*** Begin section ***

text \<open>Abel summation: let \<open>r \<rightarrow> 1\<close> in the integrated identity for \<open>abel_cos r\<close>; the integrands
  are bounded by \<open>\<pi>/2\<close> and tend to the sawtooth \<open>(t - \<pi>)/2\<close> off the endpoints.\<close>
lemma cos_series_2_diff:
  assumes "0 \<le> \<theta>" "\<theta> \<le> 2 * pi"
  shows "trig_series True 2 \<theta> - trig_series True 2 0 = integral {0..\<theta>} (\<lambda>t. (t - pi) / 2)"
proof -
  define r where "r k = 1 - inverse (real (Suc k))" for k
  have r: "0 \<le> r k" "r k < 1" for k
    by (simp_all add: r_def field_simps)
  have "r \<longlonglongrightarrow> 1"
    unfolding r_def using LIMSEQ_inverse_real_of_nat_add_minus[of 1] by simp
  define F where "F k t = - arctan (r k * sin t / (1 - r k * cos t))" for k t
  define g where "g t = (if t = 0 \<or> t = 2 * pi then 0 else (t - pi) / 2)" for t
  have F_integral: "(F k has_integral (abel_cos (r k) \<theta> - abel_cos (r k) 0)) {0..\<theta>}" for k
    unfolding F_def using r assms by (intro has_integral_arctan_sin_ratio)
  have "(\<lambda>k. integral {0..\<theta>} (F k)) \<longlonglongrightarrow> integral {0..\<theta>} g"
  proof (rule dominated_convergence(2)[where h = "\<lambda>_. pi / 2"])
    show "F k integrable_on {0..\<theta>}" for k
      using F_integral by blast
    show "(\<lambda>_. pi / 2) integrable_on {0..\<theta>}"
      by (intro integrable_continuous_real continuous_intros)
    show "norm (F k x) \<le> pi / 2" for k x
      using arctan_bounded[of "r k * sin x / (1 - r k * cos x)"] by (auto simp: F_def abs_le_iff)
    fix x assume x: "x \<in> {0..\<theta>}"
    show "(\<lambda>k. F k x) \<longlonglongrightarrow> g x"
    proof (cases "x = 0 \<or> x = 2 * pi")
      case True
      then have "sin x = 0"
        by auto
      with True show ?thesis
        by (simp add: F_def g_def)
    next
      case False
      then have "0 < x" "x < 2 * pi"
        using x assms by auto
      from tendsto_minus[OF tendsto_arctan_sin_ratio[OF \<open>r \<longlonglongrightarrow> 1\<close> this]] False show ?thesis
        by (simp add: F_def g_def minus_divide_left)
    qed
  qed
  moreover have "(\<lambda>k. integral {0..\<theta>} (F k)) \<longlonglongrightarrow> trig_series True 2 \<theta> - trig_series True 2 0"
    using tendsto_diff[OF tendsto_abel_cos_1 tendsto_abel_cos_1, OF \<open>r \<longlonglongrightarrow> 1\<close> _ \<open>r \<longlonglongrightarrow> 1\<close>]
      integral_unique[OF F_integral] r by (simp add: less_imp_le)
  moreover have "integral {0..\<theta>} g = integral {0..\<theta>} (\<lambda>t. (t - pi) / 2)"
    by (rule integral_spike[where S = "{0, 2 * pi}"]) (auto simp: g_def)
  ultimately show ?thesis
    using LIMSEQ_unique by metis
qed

*** End section ***

For the word "proof", tally the lines of the listing that include it and give the number alone.

:: COMPLETED EXERCISE ::
3